(THE DATA begins)

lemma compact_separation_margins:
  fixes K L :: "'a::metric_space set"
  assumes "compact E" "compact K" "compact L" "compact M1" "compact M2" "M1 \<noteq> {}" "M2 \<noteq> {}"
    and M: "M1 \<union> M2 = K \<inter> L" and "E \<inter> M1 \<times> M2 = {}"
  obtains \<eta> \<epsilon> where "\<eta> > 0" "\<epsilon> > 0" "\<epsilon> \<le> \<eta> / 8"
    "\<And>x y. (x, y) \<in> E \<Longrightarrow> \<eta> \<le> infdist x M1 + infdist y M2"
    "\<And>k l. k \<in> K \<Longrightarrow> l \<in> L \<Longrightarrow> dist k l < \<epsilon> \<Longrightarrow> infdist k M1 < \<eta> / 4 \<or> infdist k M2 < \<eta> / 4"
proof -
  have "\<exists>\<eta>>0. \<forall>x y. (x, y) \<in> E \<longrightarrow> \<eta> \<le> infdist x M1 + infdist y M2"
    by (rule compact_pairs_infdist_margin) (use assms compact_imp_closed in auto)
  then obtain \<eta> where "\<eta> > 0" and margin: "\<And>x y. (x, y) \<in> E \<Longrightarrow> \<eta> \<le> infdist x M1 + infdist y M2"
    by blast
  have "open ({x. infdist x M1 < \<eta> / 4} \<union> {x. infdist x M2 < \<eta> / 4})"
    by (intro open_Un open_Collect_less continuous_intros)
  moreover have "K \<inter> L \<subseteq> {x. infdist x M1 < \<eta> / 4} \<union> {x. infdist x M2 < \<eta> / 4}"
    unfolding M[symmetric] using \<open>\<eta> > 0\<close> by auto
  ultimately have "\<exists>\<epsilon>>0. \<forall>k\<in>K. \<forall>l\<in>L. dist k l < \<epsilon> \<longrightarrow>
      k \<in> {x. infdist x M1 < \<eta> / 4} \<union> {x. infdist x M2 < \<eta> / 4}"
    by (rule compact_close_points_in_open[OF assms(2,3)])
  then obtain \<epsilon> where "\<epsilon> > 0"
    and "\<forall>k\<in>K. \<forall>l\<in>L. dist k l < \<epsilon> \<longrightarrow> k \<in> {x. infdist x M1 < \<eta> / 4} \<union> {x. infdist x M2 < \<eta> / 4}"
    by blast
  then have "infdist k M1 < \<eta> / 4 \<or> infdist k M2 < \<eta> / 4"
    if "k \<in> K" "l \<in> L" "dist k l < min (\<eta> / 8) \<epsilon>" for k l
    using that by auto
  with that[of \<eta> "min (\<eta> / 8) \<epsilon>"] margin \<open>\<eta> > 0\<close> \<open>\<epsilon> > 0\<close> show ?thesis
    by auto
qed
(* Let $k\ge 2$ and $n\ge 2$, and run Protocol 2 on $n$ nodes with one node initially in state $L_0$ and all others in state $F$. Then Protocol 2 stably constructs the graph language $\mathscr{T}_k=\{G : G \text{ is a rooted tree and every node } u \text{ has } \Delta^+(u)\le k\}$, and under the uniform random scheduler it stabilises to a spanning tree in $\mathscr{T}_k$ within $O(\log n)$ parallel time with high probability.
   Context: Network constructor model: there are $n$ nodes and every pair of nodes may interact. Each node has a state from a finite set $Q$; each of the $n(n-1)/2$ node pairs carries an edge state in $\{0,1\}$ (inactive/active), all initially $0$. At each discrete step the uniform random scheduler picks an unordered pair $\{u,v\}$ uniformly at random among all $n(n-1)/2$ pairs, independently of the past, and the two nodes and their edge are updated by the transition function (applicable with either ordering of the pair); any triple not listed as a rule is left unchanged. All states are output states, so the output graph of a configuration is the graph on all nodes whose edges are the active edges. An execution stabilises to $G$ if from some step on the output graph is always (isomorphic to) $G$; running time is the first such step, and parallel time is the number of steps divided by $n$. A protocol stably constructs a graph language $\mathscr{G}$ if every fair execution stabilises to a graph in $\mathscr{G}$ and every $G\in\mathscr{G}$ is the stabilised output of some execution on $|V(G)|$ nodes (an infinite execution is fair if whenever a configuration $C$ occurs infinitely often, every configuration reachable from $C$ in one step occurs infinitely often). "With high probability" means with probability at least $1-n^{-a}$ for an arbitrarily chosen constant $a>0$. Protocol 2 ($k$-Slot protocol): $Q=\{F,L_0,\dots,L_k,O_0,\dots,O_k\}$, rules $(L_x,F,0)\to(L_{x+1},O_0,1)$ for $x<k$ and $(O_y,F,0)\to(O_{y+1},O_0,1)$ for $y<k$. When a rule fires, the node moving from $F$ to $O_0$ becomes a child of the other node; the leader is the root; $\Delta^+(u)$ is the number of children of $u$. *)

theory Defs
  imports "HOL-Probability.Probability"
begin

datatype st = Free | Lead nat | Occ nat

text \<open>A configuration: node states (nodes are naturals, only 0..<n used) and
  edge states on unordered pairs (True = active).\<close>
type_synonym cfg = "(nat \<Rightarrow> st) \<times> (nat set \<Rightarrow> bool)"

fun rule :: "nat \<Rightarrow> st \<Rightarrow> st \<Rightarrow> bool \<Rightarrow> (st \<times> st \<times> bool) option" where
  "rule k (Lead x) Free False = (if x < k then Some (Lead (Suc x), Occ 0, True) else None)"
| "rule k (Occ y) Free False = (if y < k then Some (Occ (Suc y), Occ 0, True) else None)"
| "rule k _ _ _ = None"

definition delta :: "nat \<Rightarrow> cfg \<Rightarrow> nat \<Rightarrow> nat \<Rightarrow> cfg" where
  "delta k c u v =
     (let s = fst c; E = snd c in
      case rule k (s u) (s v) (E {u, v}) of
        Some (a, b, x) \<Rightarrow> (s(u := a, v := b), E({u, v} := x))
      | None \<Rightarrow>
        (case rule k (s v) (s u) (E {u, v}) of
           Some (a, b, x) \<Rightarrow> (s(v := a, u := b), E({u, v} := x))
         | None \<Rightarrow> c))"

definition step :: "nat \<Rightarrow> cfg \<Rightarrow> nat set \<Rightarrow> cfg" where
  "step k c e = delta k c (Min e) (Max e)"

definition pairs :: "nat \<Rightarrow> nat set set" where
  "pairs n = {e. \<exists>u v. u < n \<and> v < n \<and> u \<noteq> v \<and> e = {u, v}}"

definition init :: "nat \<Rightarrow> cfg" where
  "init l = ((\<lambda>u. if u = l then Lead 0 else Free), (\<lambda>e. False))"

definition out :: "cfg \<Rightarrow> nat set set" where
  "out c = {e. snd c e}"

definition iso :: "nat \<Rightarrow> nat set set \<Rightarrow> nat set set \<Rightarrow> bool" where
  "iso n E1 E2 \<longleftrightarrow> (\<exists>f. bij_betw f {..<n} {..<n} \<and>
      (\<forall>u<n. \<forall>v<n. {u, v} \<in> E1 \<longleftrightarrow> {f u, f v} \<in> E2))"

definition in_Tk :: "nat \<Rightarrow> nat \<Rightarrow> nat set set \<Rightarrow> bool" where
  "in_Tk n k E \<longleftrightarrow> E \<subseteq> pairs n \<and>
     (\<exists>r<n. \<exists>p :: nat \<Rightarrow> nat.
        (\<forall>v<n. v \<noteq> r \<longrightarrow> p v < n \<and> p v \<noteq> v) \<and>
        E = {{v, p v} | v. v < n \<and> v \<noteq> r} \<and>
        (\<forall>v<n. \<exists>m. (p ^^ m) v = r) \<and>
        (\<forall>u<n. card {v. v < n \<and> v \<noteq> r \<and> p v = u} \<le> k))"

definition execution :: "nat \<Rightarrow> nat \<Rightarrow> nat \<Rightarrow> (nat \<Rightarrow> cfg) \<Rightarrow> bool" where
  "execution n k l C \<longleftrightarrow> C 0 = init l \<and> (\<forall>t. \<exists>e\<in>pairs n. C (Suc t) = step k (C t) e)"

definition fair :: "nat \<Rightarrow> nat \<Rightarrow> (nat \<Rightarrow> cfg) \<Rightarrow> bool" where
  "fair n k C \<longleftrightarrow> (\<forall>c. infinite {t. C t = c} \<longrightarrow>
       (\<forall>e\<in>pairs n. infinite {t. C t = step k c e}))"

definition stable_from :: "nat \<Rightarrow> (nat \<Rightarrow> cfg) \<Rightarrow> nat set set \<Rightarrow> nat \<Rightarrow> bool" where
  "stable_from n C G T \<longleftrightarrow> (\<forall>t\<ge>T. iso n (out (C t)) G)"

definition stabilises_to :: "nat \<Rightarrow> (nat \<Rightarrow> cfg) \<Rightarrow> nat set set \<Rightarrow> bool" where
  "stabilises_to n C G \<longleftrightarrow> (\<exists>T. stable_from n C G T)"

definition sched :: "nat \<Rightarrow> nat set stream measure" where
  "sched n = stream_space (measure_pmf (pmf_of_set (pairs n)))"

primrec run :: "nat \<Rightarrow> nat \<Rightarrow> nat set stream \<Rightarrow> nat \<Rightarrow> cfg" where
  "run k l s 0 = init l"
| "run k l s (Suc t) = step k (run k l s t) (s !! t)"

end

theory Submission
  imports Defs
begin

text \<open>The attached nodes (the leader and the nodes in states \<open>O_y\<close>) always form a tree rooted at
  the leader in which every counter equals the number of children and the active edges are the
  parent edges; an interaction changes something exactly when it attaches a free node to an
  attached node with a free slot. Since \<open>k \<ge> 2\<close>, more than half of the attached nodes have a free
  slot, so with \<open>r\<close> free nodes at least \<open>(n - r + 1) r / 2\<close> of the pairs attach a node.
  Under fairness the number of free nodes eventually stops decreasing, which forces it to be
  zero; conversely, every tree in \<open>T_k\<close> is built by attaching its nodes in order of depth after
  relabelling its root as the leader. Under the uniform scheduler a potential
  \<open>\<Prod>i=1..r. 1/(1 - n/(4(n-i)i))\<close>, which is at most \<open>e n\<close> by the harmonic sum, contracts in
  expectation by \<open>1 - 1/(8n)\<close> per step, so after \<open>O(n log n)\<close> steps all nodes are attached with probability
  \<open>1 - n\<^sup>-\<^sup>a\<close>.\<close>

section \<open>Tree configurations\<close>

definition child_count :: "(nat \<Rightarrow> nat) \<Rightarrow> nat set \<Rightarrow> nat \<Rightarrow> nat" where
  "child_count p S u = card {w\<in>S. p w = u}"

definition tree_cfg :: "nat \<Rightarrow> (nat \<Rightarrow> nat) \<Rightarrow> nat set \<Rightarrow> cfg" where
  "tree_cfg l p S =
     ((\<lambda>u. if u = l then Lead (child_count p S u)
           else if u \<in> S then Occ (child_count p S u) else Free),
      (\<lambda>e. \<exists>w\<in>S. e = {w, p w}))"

(THE DATA ends)
(THE DATA begins)

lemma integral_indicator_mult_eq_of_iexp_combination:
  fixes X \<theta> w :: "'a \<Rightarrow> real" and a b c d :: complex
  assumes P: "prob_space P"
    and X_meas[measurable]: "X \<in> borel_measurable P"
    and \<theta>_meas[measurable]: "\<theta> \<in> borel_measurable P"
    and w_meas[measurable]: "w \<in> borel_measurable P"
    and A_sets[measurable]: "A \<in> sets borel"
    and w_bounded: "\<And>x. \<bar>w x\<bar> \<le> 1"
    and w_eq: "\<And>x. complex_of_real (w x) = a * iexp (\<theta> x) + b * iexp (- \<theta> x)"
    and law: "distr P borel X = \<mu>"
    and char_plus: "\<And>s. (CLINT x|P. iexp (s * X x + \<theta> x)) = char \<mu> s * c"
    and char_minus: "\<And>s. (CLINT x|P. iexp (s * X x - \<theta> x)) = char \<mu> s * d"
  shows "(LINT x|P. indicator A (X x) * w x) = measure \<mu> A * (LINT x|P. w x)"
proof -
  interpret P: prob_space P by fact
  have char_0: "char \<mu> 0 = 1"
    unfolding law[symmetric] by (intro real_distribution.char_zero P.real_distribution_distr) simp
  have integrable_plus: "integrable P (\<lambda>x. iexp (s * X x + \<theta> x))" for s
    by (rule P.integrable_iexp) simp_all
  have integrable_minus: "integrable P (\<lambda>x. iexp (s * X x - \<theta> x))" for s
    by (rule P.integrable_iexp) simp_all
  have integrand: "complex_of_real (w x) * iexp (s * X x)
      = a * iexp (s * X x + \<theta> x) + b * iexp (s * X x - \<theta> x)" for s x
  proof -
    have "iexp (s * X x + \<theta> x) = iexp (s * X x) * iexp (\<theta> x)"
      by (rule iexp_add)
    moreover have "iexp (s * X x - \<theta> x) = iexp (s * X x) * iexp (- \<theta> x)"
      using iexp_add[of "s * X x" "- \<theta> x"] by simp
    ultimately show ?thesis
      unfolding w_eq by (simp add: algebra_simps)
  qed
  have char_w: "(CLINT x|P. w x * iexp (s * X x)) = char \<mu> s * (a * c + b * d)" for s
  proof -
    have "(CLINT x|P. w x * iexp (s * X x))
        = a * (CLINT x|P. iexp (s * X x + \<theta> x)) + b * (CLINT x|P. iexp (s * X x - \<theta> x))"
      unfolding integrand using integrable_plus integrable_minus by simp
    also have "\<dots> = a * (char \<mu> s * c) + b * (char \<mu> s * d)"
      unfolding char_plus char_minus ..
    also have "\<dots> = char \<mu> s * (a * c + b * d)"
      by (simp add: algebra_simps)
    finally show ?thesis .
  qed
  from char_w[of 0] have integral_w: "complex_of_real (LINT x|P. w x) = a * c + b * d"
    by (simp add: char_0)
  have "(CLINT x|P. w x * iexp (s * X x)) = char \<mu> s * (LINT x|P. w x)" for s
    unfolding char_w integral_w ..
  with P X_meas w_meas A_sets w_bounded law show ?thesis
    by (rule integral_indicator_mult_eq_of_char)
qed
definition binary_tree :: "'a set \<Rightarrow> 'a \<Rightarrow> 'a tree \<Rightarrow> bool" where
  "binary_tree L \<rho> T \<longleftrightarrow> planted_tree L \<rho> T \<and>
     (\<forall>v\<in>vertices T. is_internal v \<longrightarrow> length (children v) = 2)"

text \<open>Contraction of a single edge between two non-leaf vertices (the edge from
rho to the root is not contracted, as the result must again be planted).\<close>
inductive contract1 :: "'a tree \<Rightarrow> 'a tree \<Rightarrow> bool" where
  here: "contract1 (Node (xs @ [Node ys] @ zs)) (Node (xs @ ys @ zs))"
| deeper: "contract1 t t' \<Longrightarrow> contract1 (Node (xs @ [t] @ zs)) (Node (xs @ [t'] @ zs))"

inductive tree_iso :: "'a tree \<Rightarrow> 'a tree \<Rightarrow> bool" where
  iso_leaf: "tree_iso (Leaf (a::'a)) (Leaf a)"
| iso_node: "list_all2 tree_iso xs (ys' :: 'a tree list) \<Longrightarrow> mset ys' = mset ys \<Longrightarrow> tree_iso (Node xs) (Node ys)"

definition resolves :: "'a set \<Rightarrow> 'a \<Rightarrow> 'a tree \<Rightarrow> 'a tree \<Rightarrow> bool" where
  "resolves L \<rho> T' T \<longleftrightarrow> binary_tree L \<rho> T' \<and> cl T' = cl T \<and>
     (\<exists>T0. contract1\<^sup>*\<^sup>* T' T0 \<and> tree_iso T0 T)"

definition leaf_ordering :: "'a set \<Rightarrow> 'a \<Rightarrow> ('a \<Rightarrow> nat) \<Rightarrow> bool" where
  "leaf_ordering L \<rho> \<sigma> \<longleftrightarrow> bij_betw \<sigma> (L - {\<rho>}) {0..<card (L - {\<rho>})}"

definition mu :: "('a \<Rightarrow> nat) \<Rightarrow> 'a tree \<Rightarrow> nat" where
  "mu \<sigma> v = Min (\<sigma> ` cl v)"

(THE DATA ends)
(THE DATA begins)

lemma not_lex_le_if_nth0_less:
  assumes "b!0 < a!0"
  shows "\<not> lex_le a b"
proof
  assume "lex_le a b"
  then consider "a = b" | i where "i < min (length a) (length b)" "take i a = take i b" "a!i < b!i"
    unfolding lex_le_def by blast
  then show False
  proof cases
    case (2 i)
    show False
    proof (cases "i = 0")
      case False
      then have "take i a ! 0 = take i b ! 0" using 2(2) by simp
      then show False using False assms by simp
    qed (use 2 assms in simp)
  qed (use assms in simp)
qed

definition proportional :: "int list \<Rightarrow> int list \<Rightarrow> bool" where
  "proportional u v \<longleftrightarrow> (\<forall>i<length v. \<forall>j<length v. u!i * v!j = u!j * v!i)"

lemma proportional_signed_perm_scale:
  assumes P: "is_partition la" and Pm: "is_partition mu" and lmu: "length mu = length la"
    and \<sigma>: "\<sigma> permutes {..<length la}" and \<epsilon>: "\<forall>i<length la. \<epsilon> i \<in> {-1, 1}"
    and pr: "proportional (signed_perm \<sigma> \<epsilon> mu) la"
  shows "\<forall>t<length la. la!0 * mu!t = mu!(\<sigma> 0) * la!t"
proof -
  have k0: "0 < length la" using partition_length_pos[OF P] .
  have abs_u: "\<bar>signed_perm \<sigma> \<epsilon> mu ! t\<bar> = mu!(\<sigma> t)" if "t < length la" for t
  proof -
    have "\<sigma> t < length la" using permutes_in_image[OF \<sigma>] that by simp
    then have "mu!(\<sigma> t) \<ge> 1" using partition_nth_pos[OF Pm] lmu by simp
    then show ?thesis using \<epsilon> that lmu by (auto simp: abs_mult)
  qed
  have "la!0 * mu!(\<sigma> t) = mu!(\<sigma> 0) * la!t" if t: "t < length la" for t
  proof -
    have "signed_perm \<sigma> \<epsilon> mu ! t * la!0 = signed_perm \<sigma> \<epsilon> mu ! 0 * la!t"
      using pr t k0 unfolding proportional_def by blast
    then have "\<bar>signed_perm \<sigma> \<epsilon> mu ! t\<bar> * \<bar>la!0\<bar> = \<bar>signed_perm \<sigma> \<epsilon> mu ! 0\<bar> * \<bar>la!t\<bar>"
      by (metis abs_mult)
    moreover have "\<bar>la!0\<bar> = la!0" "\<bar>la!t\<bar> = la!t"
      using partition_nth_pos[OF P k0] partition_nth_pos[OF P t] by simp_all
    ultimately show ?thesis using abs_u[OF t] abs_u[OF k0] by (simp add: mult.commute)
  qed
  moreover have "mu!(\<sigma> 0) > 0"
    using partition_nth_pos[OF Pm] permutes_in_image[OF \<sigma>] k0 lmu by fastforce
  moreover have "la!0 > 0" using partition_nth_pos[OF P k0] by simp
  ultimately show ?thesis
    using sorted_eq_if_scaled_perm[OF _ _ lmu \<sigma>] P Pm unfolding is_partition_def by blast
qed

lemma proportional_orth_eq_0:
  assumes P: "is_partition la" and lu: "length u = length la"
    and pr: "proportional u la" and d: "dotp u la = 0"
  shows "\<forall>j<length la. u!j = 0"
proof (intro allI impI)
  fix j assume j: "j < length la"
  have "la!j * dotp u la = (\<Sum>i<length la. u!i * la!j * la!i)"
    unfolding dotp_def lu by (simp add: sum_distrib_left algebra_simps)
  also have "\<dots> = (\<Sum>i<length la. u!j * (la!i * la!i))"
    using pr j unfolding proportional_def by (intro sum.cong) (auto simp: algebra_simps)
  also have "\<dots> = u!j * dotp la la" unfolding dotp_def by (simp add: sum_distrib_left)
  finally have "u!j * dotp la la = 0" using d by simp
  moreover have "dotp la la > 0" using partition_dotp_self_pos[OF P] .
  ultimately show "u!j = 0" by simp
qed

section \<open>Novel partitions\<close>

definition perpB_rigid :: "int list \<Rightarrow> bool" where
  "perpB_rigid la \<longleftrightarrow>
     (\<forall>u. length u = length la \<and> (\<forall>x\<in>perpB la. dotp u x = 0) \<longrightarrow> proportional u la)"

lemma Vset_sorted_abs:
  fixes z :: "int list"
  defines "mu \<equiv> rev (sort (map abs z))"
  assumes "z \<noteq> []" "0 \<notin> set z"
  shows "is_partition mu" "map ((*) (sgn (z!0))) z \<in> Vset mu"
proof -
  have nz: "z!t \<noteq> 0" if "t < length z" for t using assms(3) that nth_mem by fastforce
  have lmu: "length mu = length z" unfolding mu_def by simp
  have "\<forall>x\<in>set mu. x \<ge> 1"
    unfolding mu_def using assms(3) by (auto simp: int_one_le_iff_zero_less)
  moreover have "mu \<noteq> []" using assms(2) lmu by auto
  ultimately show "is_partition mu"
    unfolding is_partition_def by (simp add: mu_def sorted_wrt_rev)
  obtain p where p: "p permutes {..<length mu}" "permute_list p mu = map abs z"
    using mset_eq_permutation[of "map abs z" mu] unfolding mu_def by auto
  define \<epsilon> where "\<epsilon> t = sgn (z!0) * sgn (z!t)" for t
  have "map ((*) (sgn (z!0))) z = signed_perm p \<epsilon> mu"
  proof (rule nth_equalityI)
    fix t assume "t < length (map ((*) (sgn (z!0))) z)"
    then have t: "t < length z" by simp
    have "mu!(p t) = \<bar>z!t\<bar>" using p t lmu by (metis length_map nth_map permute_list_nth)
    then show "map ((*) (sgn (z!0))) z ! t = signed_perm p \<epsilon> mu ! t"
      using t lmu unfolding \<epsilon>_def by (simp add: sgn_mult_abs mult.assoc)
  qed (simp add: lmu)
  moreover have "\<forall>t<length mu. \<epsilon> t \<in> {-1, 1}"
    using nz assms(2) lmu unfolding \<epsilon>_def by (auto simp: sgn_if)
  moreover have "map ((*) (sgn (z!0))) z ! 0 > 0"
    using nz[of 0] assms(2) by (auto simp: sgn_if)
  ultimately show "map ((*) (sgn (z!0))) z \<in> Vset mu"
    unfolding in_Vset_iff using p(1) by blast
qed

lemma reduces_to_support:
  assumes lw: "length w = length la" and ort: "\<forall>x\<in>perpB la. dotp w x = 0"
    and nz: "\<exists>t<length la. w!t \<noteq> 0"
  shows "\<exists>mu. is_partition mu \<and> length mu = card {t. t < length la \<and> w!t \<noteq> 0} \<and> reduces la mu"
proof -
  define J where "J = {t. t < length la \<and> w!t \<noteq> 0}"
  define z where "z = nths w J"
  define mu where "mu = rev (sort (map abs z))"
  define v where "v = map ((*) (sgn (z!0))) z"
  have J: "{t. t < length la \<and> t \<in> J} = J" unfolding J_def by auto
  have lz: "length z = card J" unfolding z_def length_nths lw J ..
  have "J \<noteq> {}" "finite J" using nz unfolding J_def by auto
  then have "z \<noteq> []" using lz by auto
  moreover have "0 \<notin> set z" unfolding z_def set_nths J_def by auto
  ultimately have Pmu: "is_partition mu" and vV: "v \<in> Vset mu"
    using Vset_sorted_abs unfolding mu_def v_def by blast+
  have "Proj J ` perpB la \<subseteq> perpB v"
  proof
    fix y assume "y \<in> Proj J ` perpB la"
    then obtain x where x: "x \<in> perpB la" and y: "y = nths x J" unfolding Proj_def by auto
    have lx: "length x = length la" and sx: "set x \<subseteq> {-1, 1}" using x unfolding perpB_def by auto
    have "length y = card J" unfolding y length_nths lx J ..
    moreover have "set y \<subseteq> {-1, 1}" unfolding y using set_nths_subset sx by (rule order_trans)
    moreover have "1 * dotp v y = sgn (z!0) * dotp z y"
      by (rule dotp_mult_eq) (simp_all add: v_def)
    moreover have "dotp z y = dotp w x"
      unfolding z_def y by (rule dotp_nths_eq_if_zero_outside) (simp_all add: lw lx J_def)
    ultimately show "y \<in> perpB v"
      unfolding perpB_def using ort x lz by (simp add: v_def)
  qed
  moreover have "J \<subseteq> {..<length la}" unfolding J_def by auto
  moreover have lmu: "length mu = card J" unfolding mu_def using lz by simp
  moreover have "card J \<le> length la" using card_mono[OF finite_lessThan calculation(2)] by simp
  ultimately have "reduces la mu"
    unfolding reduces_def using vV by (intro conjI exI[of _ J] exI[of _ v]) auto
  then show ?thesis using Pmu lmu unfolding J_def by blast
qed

(THE DATA ends)

**TASK GOAL**.
Each line in the entries above that includes the string "times" adds to the count; state that count only.

**SOLUTION FOR THIS EXERCISE**.
3